# The records
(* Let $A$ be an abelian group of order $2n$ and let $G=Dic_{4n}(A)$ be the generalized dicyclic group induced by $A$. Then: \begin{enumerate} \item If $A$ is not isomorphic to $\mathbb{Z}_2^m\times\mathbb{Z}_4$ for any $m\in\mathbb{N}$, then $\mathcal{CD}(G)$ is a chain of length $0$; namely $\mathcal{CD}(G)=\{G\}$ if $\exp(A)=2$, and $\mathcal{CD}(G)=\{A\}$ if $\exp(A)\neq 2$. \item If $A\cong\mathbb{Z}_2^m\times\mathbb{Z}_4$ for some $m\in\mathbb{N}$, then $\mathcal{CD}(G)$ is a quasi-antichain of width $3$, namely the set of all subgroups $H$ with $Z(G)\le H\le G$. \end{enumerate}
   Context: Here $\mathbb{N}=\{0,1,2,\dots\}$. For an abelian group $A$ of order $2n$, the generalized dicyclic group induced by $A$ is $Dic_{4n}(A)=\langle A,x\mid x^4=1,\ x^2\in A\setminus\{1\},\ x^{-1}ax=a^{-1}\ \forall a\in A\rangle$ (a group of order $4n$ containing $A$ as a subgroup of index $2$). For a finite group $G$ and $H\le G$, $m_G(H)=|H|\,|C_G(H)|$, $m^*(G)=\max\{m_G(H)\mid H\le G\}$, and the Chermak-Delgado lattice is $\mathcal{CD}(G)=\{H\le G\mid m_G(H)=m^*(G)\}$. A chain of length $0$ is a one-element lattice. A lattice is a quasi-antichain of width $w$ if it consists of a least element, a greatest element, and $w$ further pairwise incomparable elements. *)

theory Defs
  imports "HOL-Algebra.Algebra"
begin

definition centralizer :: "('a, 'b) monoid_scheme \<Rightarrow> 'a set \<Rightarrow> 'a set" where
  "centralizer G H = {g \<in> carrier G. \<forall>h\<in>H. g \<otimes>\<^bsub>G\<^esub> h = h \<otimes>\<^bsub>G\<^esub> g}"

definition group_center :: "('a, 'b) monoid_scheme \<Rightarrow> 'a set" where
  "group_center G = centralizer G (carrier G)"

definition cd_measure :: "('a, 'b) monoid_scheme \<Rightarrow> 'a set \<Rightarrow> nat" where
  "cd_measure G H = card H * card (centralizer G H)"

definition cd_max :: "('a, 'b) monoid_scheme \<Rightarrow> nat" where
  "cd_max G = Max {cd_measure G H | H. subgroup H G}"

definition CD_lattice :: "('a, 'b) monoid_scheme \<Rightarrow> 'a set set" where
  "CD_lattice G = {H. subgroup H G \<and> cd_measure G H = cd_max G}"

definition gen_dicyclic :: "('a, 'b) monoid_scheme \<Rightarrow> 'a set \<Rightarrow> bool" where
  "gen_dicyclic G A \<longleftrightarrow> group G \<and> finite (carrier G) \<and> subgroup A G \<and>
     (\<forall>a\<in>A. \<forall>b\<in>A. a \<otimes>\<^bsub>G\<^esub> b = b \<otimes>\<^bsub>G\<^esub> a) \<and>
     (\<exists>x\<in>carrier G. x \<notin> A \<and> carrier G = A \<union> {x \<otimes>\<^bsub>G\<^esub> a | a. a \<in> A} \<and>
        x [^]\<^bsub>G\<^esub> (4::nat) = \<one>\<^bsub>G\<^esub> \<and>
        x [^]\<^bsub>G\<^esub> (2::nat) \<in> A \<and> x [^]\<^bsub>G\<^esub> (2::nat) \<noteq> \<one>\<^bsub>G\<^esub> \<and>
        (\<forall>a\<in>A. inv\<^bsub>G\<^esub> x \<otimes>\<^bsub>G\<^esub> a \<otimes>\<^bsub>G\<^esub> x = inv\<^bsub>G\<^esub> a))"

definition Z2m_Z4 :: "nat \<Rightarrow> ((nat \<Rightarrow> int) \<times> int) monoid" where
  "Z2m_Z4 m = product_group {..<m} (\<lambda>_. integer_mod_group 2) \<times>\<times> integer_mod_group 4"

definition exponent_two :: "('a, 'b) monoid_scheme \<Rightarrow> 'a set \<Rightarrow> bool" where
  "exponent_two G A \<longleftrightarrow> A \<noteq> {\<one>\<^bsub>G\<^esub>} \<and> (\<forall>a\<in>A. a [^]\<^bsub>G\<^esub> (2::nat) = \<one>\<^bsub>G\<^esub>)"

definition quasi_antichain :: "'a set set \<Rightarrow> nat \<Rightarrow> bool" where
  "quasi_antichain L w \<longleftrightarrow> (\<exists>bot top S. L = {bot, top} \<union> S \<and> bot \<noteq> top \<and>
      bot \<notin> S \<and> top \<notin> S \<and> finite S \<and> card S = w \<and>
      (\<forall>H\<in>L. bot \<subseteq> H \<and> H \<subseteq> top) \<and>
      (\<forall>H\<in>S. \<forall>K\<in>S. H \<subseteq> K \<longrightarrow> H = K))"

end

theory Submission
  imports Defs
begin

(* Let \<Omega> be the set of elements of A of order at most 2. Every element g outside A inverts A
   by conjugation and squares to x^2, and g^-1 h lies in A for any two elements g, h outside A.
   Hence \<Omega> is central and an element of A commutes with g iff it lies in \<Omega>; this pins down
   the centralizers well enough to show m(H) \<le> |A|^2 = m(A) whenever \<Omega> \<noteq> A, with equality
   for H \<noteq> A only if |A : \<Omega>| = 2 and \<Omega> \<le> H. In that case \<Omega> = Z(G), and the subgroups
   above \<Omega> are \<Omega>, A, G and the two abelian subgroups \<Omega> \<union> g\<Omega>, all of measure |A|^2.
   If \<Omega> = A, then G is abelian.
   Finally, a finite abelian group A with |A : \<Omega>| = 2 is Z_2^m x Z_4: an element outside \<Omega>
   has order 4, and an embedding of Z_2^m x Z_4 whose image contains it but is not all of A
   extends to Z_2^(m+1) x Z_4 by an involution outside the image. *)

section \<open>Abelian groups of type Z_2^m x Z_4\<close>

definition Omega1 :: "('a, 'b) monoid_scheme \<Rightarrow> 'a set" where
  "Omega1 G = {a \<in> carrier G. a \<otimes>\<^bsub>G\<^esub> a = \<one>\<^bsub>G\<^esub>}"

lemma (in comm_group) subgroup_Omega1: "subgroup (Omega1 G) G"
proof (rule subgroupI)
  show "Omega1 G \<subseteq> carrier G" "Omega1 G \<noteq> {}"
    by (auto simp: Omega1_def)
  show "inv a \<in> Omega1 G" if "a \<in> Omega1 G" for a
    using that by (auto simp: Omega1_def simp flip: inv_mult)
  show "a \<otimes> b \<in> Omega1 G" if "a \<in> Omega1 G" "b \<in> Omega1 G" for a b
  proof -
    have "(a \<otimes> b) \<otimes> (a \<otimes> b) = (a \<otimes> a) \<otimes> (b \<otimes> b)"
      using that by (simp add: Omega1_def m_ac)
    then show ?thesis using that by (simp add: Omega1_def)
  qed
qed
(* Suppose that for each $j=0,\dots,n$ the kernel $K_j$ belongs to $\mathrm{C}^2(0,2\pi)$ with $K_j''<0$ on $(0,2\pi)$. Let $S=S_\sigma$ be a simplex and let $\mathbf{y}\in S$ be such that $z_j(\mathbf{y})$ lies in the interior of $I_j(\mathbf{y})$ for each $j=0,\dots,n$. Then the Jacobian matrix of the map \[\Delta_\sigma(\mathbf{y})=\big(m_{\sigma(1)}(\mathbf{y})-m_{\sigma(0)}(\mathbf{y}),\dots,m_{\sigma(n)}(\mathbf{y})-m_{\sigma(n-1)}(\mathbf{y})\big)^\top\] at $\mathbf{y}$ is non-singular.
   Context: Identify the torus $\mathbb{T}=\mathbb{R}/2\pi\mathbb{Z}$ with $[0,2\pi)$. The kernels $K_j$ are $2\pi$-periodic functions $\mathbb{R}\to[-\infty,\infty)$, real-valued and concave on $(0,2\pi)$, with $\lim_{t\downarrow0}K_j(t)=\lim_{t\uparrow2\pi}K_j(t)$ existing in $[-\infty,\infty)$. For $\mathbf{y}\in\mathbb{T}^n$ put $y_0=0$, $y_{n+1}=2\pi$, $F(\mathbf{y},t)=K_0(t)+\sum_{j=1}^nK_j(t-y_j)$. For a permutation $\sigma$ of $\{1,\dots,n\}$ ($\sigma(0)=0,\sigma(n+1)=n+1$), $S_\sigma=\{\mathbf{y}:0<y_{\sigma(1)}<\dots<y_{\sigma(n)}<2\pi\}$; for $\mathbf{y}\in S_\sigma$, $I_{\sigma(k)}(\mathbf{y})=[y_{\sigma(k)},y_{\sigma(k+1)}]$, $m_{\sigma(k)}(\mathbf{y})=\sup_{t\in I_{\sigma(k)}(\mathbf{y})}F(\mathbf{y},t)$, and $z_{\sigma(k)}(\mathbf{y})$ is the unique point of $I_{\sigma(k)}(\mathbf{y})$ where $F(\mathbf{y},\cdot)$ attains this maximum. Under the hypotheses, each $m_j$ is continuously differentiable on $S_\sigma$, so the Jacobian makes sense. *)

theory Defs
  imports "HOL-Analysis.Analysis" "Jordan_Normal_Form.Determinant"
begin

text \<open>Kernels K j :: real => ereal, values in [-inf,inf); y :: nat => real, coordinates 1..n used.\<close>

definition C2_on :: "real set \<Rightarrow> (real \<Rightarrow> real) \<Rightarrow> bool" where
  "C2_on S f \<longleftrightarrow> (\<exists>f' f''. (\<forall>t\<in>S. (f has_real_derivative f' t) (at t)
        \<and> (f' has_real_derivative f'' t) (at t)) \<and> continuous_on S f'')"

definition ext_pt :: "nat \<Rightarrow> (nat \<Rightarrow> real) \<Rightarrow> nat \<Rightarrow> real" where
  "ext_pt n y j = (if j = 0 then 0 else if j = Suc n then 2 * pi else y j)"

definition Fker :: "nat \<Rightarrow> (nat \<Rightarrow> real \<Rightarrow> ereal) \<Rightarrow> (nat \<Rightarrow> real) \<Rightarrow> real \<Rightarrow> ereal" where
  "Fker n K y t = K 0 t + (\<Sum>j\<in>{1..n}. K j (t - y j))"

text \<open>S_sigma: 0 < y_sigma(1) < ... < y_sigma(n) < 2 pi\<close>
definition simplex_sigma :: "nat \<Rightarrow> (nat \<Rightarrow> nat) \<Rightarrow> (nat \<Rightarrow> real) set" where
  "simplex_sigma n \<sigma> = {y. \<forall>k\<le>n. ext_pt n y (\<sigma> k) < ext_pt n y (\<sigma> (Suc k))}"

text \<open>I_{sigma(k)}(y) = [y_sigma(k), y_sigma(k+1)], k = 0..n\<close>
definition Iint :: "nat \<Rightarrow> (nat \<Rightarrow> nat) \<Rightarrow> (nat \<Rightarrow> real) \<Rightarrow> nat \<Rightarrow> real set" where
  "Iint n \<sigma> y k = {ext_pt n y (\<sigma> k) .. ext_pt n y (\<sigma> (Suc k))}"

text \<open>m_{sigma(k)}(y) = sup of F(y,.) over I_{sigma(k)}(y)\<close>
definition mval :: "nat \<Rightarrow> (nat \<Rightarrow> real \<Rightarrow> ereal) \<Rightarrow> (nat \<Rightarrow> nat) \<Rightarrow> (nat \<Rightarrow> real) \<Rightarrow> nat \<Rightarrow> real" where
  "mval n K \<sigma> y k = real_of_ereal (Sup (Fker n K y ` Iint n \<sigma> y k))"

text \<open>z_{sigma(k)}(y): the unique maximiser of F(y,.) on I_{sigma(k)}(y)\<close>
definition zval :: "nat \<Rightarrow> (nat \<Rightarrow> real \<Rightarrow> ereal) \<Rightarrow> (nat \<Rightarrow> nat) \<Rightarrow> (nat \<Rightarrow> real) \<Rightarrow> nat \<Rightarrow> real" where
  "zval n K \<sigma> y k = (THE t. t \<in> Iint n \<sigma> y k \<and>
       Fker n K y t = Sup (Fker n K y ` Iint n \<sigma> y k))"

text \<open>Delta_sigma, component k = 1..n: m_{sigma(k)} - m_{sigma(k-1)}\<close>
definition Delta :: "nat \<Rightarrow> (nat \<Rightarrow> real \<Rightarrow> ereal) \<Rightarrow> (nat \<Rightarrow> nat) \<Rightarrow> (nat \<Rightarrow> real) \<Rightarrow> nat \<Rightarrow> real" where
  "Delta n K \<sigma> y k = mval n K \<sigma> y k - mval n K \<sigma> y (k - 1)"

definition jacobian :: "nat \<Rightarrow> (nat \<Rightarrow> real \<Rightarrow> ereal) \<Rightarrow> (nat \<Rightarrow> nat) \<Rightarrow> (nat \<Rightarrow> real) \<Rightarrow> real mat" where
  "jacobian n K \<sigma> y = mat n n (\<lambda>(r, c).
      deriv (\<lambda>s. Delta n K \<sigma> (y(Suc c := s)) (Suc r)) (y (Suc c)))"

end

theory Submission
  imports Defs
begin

# Exercise
Whenever a line of the data above includes the word "subseteq", copy that line.

# Answer box
      (\<forall>H\<in>L. bot \<subseteq> H \<and> H \<subseteq> top) \<and>
      (\<forall>H\<in>S. \<forall>K\<in>S. H \<subseteq> K \<longrightarrow> H = K))"
  show "Omega1 G \<subseteq> carrier G" "Omega1 G \<noteq> {}"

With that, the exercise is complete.